Valery Ryumin, a Soviet tank commander turned cosmonaut and spent more than a year in space, setting endurance records — then taking another flight after 18 years, this time on a US space shuttle — died on Monday. He was 82.
Russian federal space company Roscosmos has announced his death. Dmitry Rogozin, the director of the company, called Mr. Ryumin’s death “an irreparable loss”, but did not say where he died or give a cause.
mr. Ryumin’s first mission, on Soyuz 25, would last 90 days. But it ended after just two hours when the vehicle was unable to dock with the Salyut 6 space station in space.
On his next two missions, Mr. Ryumin and his crew set space travel records: 175 days with Vladimir Lyakbov on Soyuz 32 in 1979 and 185 days with Leonid Popov on Soyuz 35 in 1980.
Those early flights were considered invaluable for their scientific advances. They were also choirs for propaganda.
Mr. Ryumin and his crew conducted experiments, including testing gamma-ray telescopes and hatching quail eggs. They hosted the first Cuban, Hungarian and Vietnamese cosmonauts on the space station and appeared live on a video screen in a stadium in Moscow during the 1980 Summer Olympics.
By the time Mr. Ryumin retired in 1980, after his third mission, he had logged 362 days in space, a record for any cosmonaut or astronaut at the time.
From 1981 to 1989, Mr. Ryumin was the flight director of the Salyut 7 space station (which went awry in 1985 and was recovered by the Soviets during a rescue that became the basis for the 2017 Russian film “Salyut 7”) and the Mir space station. He later led the Russian part of the shuttle Mir program, the first collaboration between NASA and the Russian space agency.
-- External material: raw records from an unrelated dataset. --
lemma permCov_cmult_right: "permCov n X (\<lambda>p. c * Y p) = c * permCov n X Y"
  unfolding permCov_def by (simp add: permE_cmult mult.left_commute right_diff_distrib)

lemma permCov_add_left: "permCov n (\<lambda>p. X p + Z p) Y = permCov n X Y + permCov n Z Y"
  unfolding permCov_def by (simp add: distrib_right permE_add algebra_simps)

lemma permCov_add_right: "permCov n X (\<lambda>p. Y p + Z p) = permCov n X Y + permCov n X Z"
  unfolding permCov_def by (simp add: distrib_left permE_add algebra_simps)

lemma permCov_const_right: "permCov n X (\<lambda>p. c) = 0"
  unfolding permCov_def by (simp add: permE_const mult.commute permE_cmult[of n c X, symmetric])

lemma permE_exchangeable:
  assumes "w \<in> A" "A \<subseteq> {1..n}"
    and "\<And>p x. x \<in> A \<Longrightarrow> H (p \<circ> transpose w x) x = H p w"
  shows "card A * permE n (\<lambda>p. H p w) = permE n (\<lambda>p. \<Sum>x\<in>A. H p x)"
proof -
  have "permE n (\<lambda>p. H p x) = permE n (\<lambda>p. H p w)" if "x \<in> A" for x
  proof -
    have "permE n (\<lambda>p. H p x) = permE n (\<lambda>p. H (p \<circ> transpose w x) x)"
      by (rule permE_compose_transpose[symmetric]) (use assms that in auto)
    also have "\<dots> = permE n (\<lambda>p. H p w)"
      using assms(3)[OF that] by simp
    finally show ?thesis .
  qed
  then show ?thesis
    by (simp add: permE_sum)
qed

lemma sum_permutes_remove:
  assumes "p permutes S" "u \<in> S"
  shows "(\<Sum>x\<in>S - {u}. f (p x)) = (\<Sum>j\<in>S - {p u}. f j)"
proof -
  have "bij_betw p (S - {u}) (S - {p u})"
    using assms by (intro bij_betw_DiffI) (auto simp: permutes_imp_bij permutes_in_image)
  then show ?thesis
    by (simp add: sum.reindex_bij_betw)
qed

lemma permE_eval:
  assumes "w \<in> {1..n}"
  shows "permE n (\<lambda>p. g (p w)) = (\<Sum>i\<in>{1..n}. g i) / n"
proof -
  have "n * permE n (\<lambda>p. g (p w)) = permE n (\<lambda>p. \<Sum>x\<in>{1..n}. g (p x))"
    using permE_exchangeable[of w "{1..n}" n "\<lambda>p x. g (p x)"] assms by simp
  also have "\<dots> = permE n (\<lambda>p. \<Sum>i\<in>{1..n}. g i)"
    by (intro permE_cong) (metis (no_types) comp_apply sum.cong sum.permute)
  finally show ?thesis
    using assms by (simp add: permE_const field_simps)
qed

lemma permE_rowsum:
  assumes rows: "\<And>i. i \<in> {1..n} \<Longrightarrow> (\<Sum>j\<in>{1..n} - {i}. F i j) = r"
    and "u \<in> {1..n}" "v \<in> {1..n}" "u \<noteq> v"
  shows "(real n - 1) * permE n (\<lambda>p. F (p u) (p v) * h (p u)) = r * permE n (\<lambda>p. h (p u))"
proof -
  let ?S = "{1..n}"
  have "card (?S - {u}) * permE n (\<lambda>p. F (p u) (p v) * h (p u))
      = permE n (\<lambda>p. \<Sum>x\<in>?S - {u}. F (p u) (p x) * h (p u))"
    using assms by (intro permE_exchangeable) auto
  also have "\<dots> = permE n (\<lambda>p. r * h (p u))"
  proof (rule permE_cong)
    fix p assume p: "p permutes ?S"
    have "(\<Sum>x\<in>?S - {u}. F (p u) (p x)) = (\<Sum>j\<in>?S - {p u}. F (p u) j)"
      using sum_permutes_remove[OF p \<open>u \<in> ?S\<close>] .
    also have "\<dots> = r"
      using rows permutes_in_image[OF p] \<open>u \<in> ?S\<close> by blast
    finally show "(\<Sum>x\<in>?S - {u}. F (p u) (p x) * h (p u)) = r * h (p u)"
      by (simp add: sum_distrib_right[symmetric])
  qed
  finally show ?thesis
    using assms by (simp add: permE_cmult of_nat_diff)
qed

lemma permE_pair_times_other:
  assumes "u \<in> {1..n}" "v \<in> {1..n}" "u \<noteq> v" "w \<in> {1..n} - {u, v}"
  shows "(real n - 2) * permE n (\<lambda>p. F (p u) (p v) * g (p w))
    = (\<Sum>i\<in>{1..n}. g i) * permE n (\<lambda>p. F (p u) (p v))
      - permE n (\<lambda>p. F (p u) (p v) * g (p u)) - permE n (\<lambda>p. F (p u) (p v) * g (p v))"
proof -
  let ?S = "{1..n}" and ?F = "\<lambda>p. F (p u) (p v)"
  have "card (?S - {u, v}) * permE n (\<lambda>p. ?F p * g (p w))
      = permE n (\<lambda>p. \<Sum>x\<in>?S - {u, v}. ?F p * g (p x))"
    using assms by (intro permE_exchangeable) auto
  also have "\<dots> = permE n (\<lambda>p. (\<Sum>i\<in>?S. g i) * ?F p - ?F p * g (p u) - ?F p * g (p v))"
  proof (rule permE_cong)
    fix p assume p: "p permutes ?S"
    have "(\<Sum>x\<in>?S - {u, v}. g (p x)) = (\<Sum>x\<in>?S. g (p x)) - g (p u) - g (p v)"
      using assms by (simp add: sum_diff)
    also have "(\<Sum>x\<in>?S. g (p x)) = (\<Sum>i\<in>?S. g i)"
      using sum.permute[OF p, of g] by simp
    finally have sum_rest: "(\<Sum>x\<in>?S - {u, v}. g (p x)) = (\<Sum>i\<in>?S. g i) - g (p u) - g (p v)" .
    show "(\<Sum>x\<in>?S - {u, v}. ?F p * g (p x))
        = (\<Sum>i\<in>?S. g i) * ?F p - ?F p * g (p u) - ?F p * g (p v)"
      unfolding sum_distrib_left[symmetric] sum_rest by (simp add: algebra_simps)
  qed
  also have "\<dots> = (\<Sum>i\<in>?S. g i) * permE n ?F
      - permE n (\<lambda>p. ?F p * g (p u)) - permE n (\<lambda>p. ?F p * g (p v))"
    by (simp only: permE_diff permE_cmult)
  finally show ?thesis
    using assms by (simp add: card_Diff_subset of_nat_diff)
qed

lemma permCov_rowsum_eval_eq_0:
  assumes sym: "\<And>i j. F i j = F j i"
    and rows: "\<And>i. i \<in> {1..n} \<Longrightarrow> (\<Sum>j\<in>{1..n} - {i}. F i j) = r"
    and uv: "u \<in> {1..n}" "v \<in> {1..n}" "u \<noteq> v" and w: "w \<in> {1..n}"
  shows "permCov n (\<lambda>p. F (p u) (p v)) (\<lambda>p. g (p w)) = 0"
proof -
  let ?S = "{1..n}" and ?F = "\<lambda>p. F (p u) (p v)"
  define \<mu> where "\<mu> = (\<Sum>i\<in>?S. g i) / n"
  have Eg: "permE n (\<lambda>p. g (p x)) = \<mu>" if "x \<in> ?S" for x
    unfolding \<mu>_def using permE_eval[OF that] .
  have EF: "(real n - 1) * permE n ?F = r"
    using permE_rowsum[OF rows uv, of "\<lambda>_. 1"] by (simp add: permE_const)
  have EFu: "(real n - 1) * permE n (\<lambda>p. ?F p * g (p u)) = r * \<mu>"
    using permE_rowsum[OF rows uv, of g] Eg uv by simp
  have EFv: "(real n - 1) * permE n (\<lambda>p. ?F p * g (p v)) = r * \<mu>"
    using permE_rowsum[OF rows uv(2,1) uv(3)[symmetric], of g] Eg uv by (simp add: sym)
  have EFw: "(real n - 1) * permE n (\<lambda>p. ?F p * g (p w)) = r * \<mu>"
  proof -
    consider "w = u" | "w = v" | "w \<in> ?S - {u, v}" using w by blast
    then show ?thesis
    proof cases
      case 3
      have "(real n - 2) * ((real n - 1) * permE n (\<lambda>p. ?F p * g (p w)))
          = (\<Sum>i\<in>?S. g i) * ((real n - 1) * permE n ?F)
            - (real n - 1) * permE n (\<lambda>p. ?F p * g (p u)) - (real n - 1) * permE n (\<lambda>p. ?F p * g (p v))"
        using permE_pair_times_other[OF uv 3, of F g]
        by (metis (no_types, lifting) mult.left_commute right_diff_distrib)
      also have "\<dots> = (real n - 2) * (r * \<mu>)"
        unfolding EF EFu EFv \<mu>_def using uv by (simp add: field_simps)
      finally show ?thesis
        using 3 uv by auto
    qed (use EFu EFv in simp_all)
  qed
  have "(real n - 1) * permCov n ?F (\<lambda>p. g (p w)) = 0"
    unfolding permCov_def using EF EFw Eg[OF w] by (simp add: right_diff_distrib)
  then show ?thesis
    using uv by simp
qed

abbreviation offdiag_sum :: "nat set \<Rightarrow> (nat \<Rightarrow> nat \<Rightarrow> real) \<Rightarrow> real" where
  "offdiag_sum S h \<equiv> \<Sum>i\<in>S. \<Sum>j\<in>S - {i}. h i j"

lemma offdiag_sum_permute:
  assumes p: "p permutes S"
  shows "offdiag_sum S h = offdiag_sum S (\<lambda>u v. h (p u) (p v))"
proof -
  have "offdiag_sum S h = (\<Sum>u\<in>S. \<Sum>j\<in>S - {p u}. h (p u) j)"
    using sum.reindex_bij_betw[OF permutes_imp_bij[OF p], of "\<lambda>i. \<Sum>j\<in>S - {i}. h i j"] by simp
  also have "\<dots> = offdiag_sum S (\<lambda>u v. h (p u) (p v))"
    by (rule sum.cong[OF refl]) (simp add: sum_permutes_remove[OF p])
  finally show ?thesis .
qed

lemma offdiag_sum_permk_inv:
  assumes "p permutes S"
  shows "offdiag_sum S (\<lambda>i j. permk (inv p) k i j * F i j) = offdiag_sum S (\<lambda>u v. k u v * F (p u) (p v))"
  by (subst offdiag_sum_permute[OF assms]) (simp add: permk_def permutes_inverses[OF assms])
In 1998, 18 years after his third and presumably final flight, Mr. Ryumin to join the crew of the US space shuttle Discovery STS-91. The shuttle would dock at the Russian space station Mir, which has been orbiting the Earth for 12 years.
“After my three flights in the 1980s, I thought it would be fun to fly for the fourth time,” he said in an interview with NASA two months before the launch.
“I thought it would be very convenient for someone with very good flying and life experience to visit the station,” he added. “I believe I will be able to see more details and more things compared to young cosmonauts or crew members.”
Mr. Ryumin had to lose about 55 pounds to qualify for the mission. Discovery docked with Mir in June 1998; he spent four days on the space station before returning home, totaling 371 days in space across all four missions.
“We learned a lot during these joint operations during the Phase 1 program,” he said. “We have learned to understand each other. We were introduced to the philosophies of each country.”
Valery Victorovich Ryumin was born on August 16, 1939 in Komsomolsk-on-Amur, Russian Far East. He graduated from the Kaliningrad Mechanical Engineering Technical College in 1958.
He was an army tank commander from 1958 to 1961 and received a degree in electronics and computer technology from the Moscow Forest Engineering Institute in 1965, where he specialized in spacecraft control systems.
After working for the Rocket and Space Corporation, Mr. Ryumin joined the cosmonaut corps in 1973. He was twice named Hero of the Soviet Union.
Survivors include his wife, Yelena Kondakova, a fellow cosmonaut; their daughter, Yevgenia; and two children, Viktoria and Vadim, from a previous marriage to Natalya Ryumina.
While a graduate student, Mr. Ryumin trained at the company that manufactured the first Sputnik satellite. But, he said in the NASA interview, he never dreamed that he would one day orbit the Earth.
“At that time it was like a big fantasy, and I could never imagine having to do this, what I was doing,” he said. “I could never dream of it.
“Now kids can dream and they can say, ‘I’m going to be an astronaut or a cosmonaut’ from an early age,” he added. “People of my generation couldn’t dream about it because at the time they didn’t know what to dream about.”